1st place with 13.40 was Mike Shepard and David Picklesiemer

2nd place with 9.72 was Darryl Strayhorn and Tim Hawkins

3rd place with 9.28 was Nick Hensley

and *John Megel Big Fish *which was nearly $300
4.46 by Darryl and Tim


----------



## Hawk68Dawg (May 15, 2013)

*Hammonds Results 5-7-13*

*1st* place with *14.10* was Jeff Tupper and Tyler Murphy

*2nd* place with *12.86* was Joey Nichols and Ryan Clift

*3rd* place with *11.96* was Nick Hensley and Seth Thomas

and John Megel Big Fish which was nearly $300 was
*4.10* by Joey and Ryan


----------



## Hawk68Dawg (May 15, 2013)

*Hammonds Results 5-14-13*

*1st* place with *15.32* was Phil and Charlie

*2nd* place with *15.00* was Darryl and Tim 

*3rd* place with *13.72* was Rob Jordan

and *John Megel Big Fish* which was nearly $300
*4.48* by Kevin and Terry


----------



## Hawk68Dawg (May 22, 2013)

*Hammonds Results 5-21-13*

May 21st results 
We had 18 boats 

*1st* place with *15.72* was Darryl and Tim

*2nd* place with *14.94* was Danny and R.W.

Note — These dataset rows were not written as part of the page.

(* Let $G$ be a recursively presented group. Then for every finite generating set $S$ of $G$, the skeleton subshift $X_{G,S}$ is effective.
   Context: $G$ is recursively presented if $G\cong\mathbb{F}_S/\langle\langle R\rangle\rangle$ for some finite set $S$ and recursively enumerable set $R$ of words. For a finite generating set $S$, the skeleton subshift $X_{G,S}\subseteq(S\cup S^{-1})^{\mathbb{Z}}$ is the set of bi-infinite sequences none of whose non-empty finite factors represents $1_G$. A subshift over a finite alphabet is a set of bi-infinite sequences avoiding all words of a set $\mathcal F$ of forbidden finite words; it is effective if $\mathcal F$ can be chosen to be a decidable language. *)

theory Defs
  imports "HOL-Algebra.Algebra" "HOL-Library.Nat_Bijection"
begin

datatype recf =
    Zero
  | Succ
  | Proj nat
  | Comp recf "recf list"
  | Prec recf recf
  | Minim recf

inductive ev :: "recf \<Rightarrow> nat list \<Rightarrow> nat \<Rightarrow> bool" where
  ev_zero: "ev Zero xs 0"
| ev_succ: "ev Succ (x # xs) (Suc x)"
| ev_proj: "i < length xs \<Longrightarrow> ev (Proj i) xs (xs ! i)"
| ev_comp: "list_all2 (\<lambda>g z. ev g xs z) gs zs \<Longrightarrow> ev f zs y \<Longrightarrow> ev (Comp f gs) xs y"
| ev_prec0: "ev f xs y \<Longrightarrow> ev (Prec f g) (0 # xs) y"
| ev_precS: "ev (Prec f g) (n # xs) z \<Longrightarrow> ev g (z # n # xs) y \<Longrightarrow> ev (Prec f g) (Suc n # xs) y"
| ev_minim: "ev f (n # xs) 0 \<Longrightarrow> (\<forall>m<n. \<exists>z. ev f (m # xs) z \<and> z \<noteq> 0) \<Longrightarrow> ev (Minim f) xs n"
monos list_all2_mono

definition decidable_set :: "nat set \<Rightarrow> bool" where
  "decidable_set A \<longleftrightarrow> (\<exists>f. \<forall>n. ev f [n] (if n \<in> A then 1 else 0))"

definition re_set :: "nat set \<Rightarrow> bool" where
  "re_set A \<longleftrightarrow> (\<exists>f. \<forall>n. n \<in> A \<longleftrightarrow> (\<exists>y. ev f [n] y))"

text \<open>A letter (s, True) stands for s, the letter (s, False) for s^{-1}.\<close>
type_synonym 'a word = "('a \<times> bool) list"

definition inv_letter :: "'a \<times> bool \<Rightarrow> 'a \<times> bool" where
  "inv_letter x = (fst x, \<not> snd x)"

definition word_inv :: "'a word \<Rightarrow> 'a word" where
  "word_inv w = rev (map inv_letter w)"

fun red_cons :: "'a \<times> bool \<Rightarrow> 'a word \<Rightarrow> 'a word" where
  "red_cons x [] = [x]"
| "red_cons x (y # ys) = (if y = inv_letter x then ys else x # y # ys)"

definition reduce :: "'a word \<Rightarrow> 'a word" where
  "reduce w = foldr red_cons w []"

definition reduced :: "'a word \<Rightarrow> bool" where
  "reduced w \<longleftrightarrow> (\<forall>i. Suc i < length w \<longrightarrow> w ! Suc i \<noteq> inv_letter (w ! i))"

definition free_group :: "'a set \<Rightarrow> 'a word monoid" where
  "free_group S = \<lparr>carrier = {w. set w \<subseteq> S \<times> UNIV \<and> reduced w},
                   monoid.mult = (\<lambda>u v. reduce (u @ v)), one = []\<rparr>"

definition normal_closure_rel :: "'a set \<Rightarrow> 'a word set \<Rightarrow> 'a word set" where
  "normal_closure_rel S R =
     generate (free_group S)
       {reduce (g @ r @ word_inv g) | g r. g \<in> carrier (free_group S) \<and> r \<in> R}"

definition letter_code :: "nat \<times> bool \<Rightarrow> nat" where
  "letter_code x = prod_encode (fst x, of_bool (snd x))"

definition word_code :: "nat word \<Rightarrow> nat" where
  "word_code w = list_encode (map letter_code w)"

definition recursively_presented :: "('g, 'b) monoid_scheme \<Rightarrow> bool" where
  "recursively_presented G \<longleftrightarrow>
     (\<exists>(S :: nat set) R. finite S \<and> R \<subseteq> lists (S \<times> UNIV) \<and> re_set (word_code ` R) \<and>
        is_iso G (FactGroup (free_group S) (normal_closure_rel S R)))"

definition factor :: "(int \<Rightarrow> 'a) \<Rightarrow> int \<Rightarrow> nat \<Rightarrow> 'a list" where
  "factor x i n = map (\<lambda>k. x (i + int k)) [0..<n]"

definition full_shift :: "'a set \<Rightarrow> (int \<Rightarrow> 'a) set" where
  "full_shift A = {x. \<forall>i. x i \<in> A}"

definition shift_of :: "'a set \<Rightarrow> 'a list set \<Rightarrow> (int \<Rightarrow> 'a) set" where
  "shift_of A F = {x \<in> full_shift A. \<forall>i n. factor x i n \<notin> F}"

text \<open>Effective subshift over a finite alphabet A: X = X_F with F a decidable language,
  decidability being measured through an (arbitrary) injective coding of the finite alphabet by naturals.\<close>
definition effective_subshift :: "'a set \<Rightarrow> (int \<Rightarrow> 'a) set \<Rightarrow> bool" where
  "effective_subshift Alph Y \<longleftrightarrow>
     (\<exists>Forb code. Forb \<subseteq> lists Alph \<and> inj_on code Alph \<and>
        decidable_set ((\<lambda>w. list_encode (map code w)) ` Forb) \<and> Y = shift_of Alph Forb)"

definition letter_eval :: "('g, 'b) monoid_scheme \<Rightarrow> 'g \<times> bool \<Rightarrow> 'g" where
  "letter_eval G x = (if snd x then fst x else inv\<^bsub>G\<^esub> (fst x))"

definition word_eval :: "('g, 'b) monoid_scheme \<Rightarrow> 'g word \<Rightarrow> 'g" where
  "word_eval G w = foldr (\<lambda>x y. letter_eval G x \<otimes>\<^bsub>G\<^esub> y) w \<one>\<^bsub>G\<^esub>"

definition skeleton :: "('g, 'b) monoid_scheme \<Rightarrow> 'g set \<Rightarrow> (int \<Rightarrow> 'g \<times> bool) set" where
  "skeleton G S = {x \<in> full_shift (S \<times> UNIV).
                     \<forall>i n. n > 0 \<longrightarrow> word_eval G (factor x i n) \<noteq> \<one>\<^bsub>G\<^esub>}"

end

theory Submission
  imports Defs
begin

text \<open>Let \<open>G\<close> be isomorphic to \<open>F(S') / \<langle>\<langle>R\<rangle>\<rangle>\<close> and send each generator in \<open>S\<close> to
  a word over \<open>S'\<close> representing it. A word over \<open>S\<close> is then trivial in \<open>G\<close> iff its image is
  freely equal to a product of conjugates of relators and their inverses. Such products can be
  enumerated and \<open>R\<close> is recursively enumerable, so the nonempty trivial words form a recursively
  enumerable set \<open>W\<close>, and the skeleton subshift is the subshift with forbidden words \<open>W\<close>.
  A subshift with a recursively enumerable set of forbidden words is effective: declaring a word
  forbidden as soon as one of its nonempty factors is enumerated within as many steps as the word
  is long gives a decidable set of forbidden words defining the same subshift.

  Computability is expressed through a fuel-bounded evaluator of partial recursive programs,
  which is itself primitive recursive; hence recursively enumerable sets are the projections of
  decidable relations.\<close>

section \<open>Computable functions and decidable predicates\<close>

definition computable :: "(nat \<Rightarrow> nat) \<Rightarrow> bool" where
  "computable F \<longleftrightarrow> (\<exists>f. \<forall>n. ev f [n] (F n))"

definition decidable :: "(nat \<Rightarrow> bool) \<Rightarrow> bool" where
  "decidable P \<longleftrightarrow> computable (\<lambda>n. if P n then 1 else 0)"

lemma decidable_set_iff_decidable: "decidable_set A \<longleftrightarrow> decidable (\<lambda>n. n \<in> A)"
  by (simp add: decidable_set_def decidable_def computable_def)

lemma ev_Comp1: "ev g xs z \<Longrightarrow> ev f [z] y \<Longrightarrow> ev (Comp f [g]) xs y"
  by (rule ev_comp[of _ _ "[z]"]) auto

lemma ev_Comp2: "ev g1 xs z1 \<Longrightarrow> ev g2 xs z2 \<Longrightarrow> ev f [z1, z2] y \<Longrightarrow> ev (Comp f [g1, g2]) xs y"
  by (rule ev_comp[of _ _ "[z1, z2]"]) auto

lemma ev_Proj0: "ev (Proj 0) (x # xs) x"
  using ev_proj[of 0 "x # xs"] by simp

lemma ev_Proj1: "ev (Proj 1) (x # y # xs) y"
  using ev_proj[of 1 "x # y # xs"] by simp

lemma ev_Proj2: "ev (Proj 2) (x # y # z # xs) z"
  using ev_proj[of 2 "x # y # z # xs"] by simp

lemma computable_id: "computable (\<lambda>n. n)"
  unfolding computable_def using ev_Proj0 by blast

lemma computable_comp: "computable F \<Longrightarrow> computable G \<Longrightarrow> computable (\<lambda>n. F (G n))"
  unfolding computable_def using ev_Comp1 by blast

lemma computable_binop:
  "(\<And>a b. ev h [a, b] (H a b)) \<Longrightarrow> computable A \<Longrightarrow> computable B \<Longrightarrow> computable (\<lambda>n. H (A n) (B n))"
  unfolding computable_def using ev_Comp2 by blast

lemma computable_Suc: "computable F \<Longrightarrow> computable (\<lambda>n. Suc (F n))"
  unfolding computable_def using ev_Comp1 ev_succ by blast

lemma computable_const: "computable (\<lambda>n. c)"
proof (induction c)
  case 0
  show ?case unfolding computable_def using ev_zero by blast
next
  case (Suc c)
  then show ?case using computable_Suc by blast
qed

definition add_prog :: recf where
  "add_prog = Prec (Proj 0) (Comp Succ [Proj 0])"

lemma ev_add_prog: "ev add_prog [a, b] (a + b)"
proof (induction a)
  case 0
  then show ?case unfolding add_prog_def using ev_prec0[OF ev_Proj0] by simp
next
  case (Suc a)
  have "ev (Comp Succ [Proj 0]) [a + b, a, b] (Suc (a + b))"
    by (rule ev_Comp1[OF ev_Proj0 ev_succ])
  then show ?case using ev_precS[OF Suc[unfolded add_prog_def]] unfolding add_prog_def by simp
qed

definition mult_prog :: recf where
  "mult_prog = Prec Zero (Comp add_prog [Proj 0, Proj 2])"

lemma ev_mult_prog: "ev mult_prog [a, b] (a * b)"
proof (induction a)
  case 0
  then show ?case unfolding mult_prog_def using ev_prec0[OF ev_zero] by simp
next
  case (Suc a)
  have "ev (Comp add_prog [Proj 0, Proj 2]) [a * b, a, b] (a * b + b)"
    by (rule ev_Comp2[OF ev_Proj0 ev_Proj2 ev_add_prog])
  then show ?case using ev_precS[OF Suc[unfolded mult_prog_def]] unfolding mult_prog_def
    by (simp add: add.commute)
qed

definition pred_prog :: recf where
  "pred_prog = Prec Zero (Proj 1)"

*3rd* place with *14.68* was Eddie and George 

and *John Megel Big Fish* which was nearly $300
*5.16* by Eddie and George 

Honorable mentions 
14.50 Phil and Charlie 
14.46 Laith and Bryan


----------



## Hawk68Dawg (May 29, 2013)

*Hammonds Results 5-28-13*

May 28st results 
We had 18 boats 

*1st *place with *17.28* was George and Eddie 

*2nd* place with *15.26 *was Rob and Eric

*3rd* place with *14.64 *was David and Daniel

and *John Megel Big Fish* which was nearly $300
*4.56* by Rob and Eric

Honorable mentions 
14.42 Phil and Charlie 
14.06 Darryl and Tim


----------



## Hawk68Dawg (Jun 5, 2013)

*Hammonds Results 6-4-13*

June 4th results 
We had 22 boats 

*1st* place with *17.90* was Tim and Darryl 

2nd place with 16.36 was Mike and David 

3rd place with 16.06 was Scott and Russell with a tie breaker fish of 4.10

4th place with 16.06 was Randy and Angela with a 3.96

and *John Megel Big Fish* which was $320
*4.36* by Rob and Eric

Honorable mentions 
15.06 Tom and Lee 
14.26 Terry and David


----------



## Hawk68Dawg (Jun 12, 2013)

*Hammonds results 6-11-13*

June 11th results 
We had 22 boats and went to 3 fish due to the warming water


*1st *place with *11.72* was Eddie and George 

*2nd* place with *11.70* was Randy and Jon 

*3rd* place with *11.68* was Alex and Russell

*4th *place with *11.64* was Jonathan and Laith 

and *John Megel Big Fish* which was *$320*
*5.20 *by Tyler and Don


----------



## Hawk68Dawg (Jun 19, 2013)

*Hammonds results 6-18-13*

June 18th results 
We had 15 boats and we have went to 3 Fish 

*1st* place with *12.18* was Darryl and Tim

*2nd* place with *10.92* was Scott and Russell

*3rd* place with *9.48* was Brian and Justin

and *John Megel Big Fish* which was nearly *$300*
*4.66* by Scott and Russell



Honorable mention
Scott and Micheal with 9.12


----------



## Hawk68Dawg (Jun 26, 2013)

*Hammonds results 6-25-13*

June 25th results 
We had 17 boats and we have went to 3 Fish 

*1st *place with *10.82* was John and Jonathan

*2nd* place with *10.40 *was Alex

*3rd *place with *10.26* was Randy and Jason

and *John Megel Big Fish* which was nearly *$300*
*4.98* by John and Jonathan caught on a "You Know What"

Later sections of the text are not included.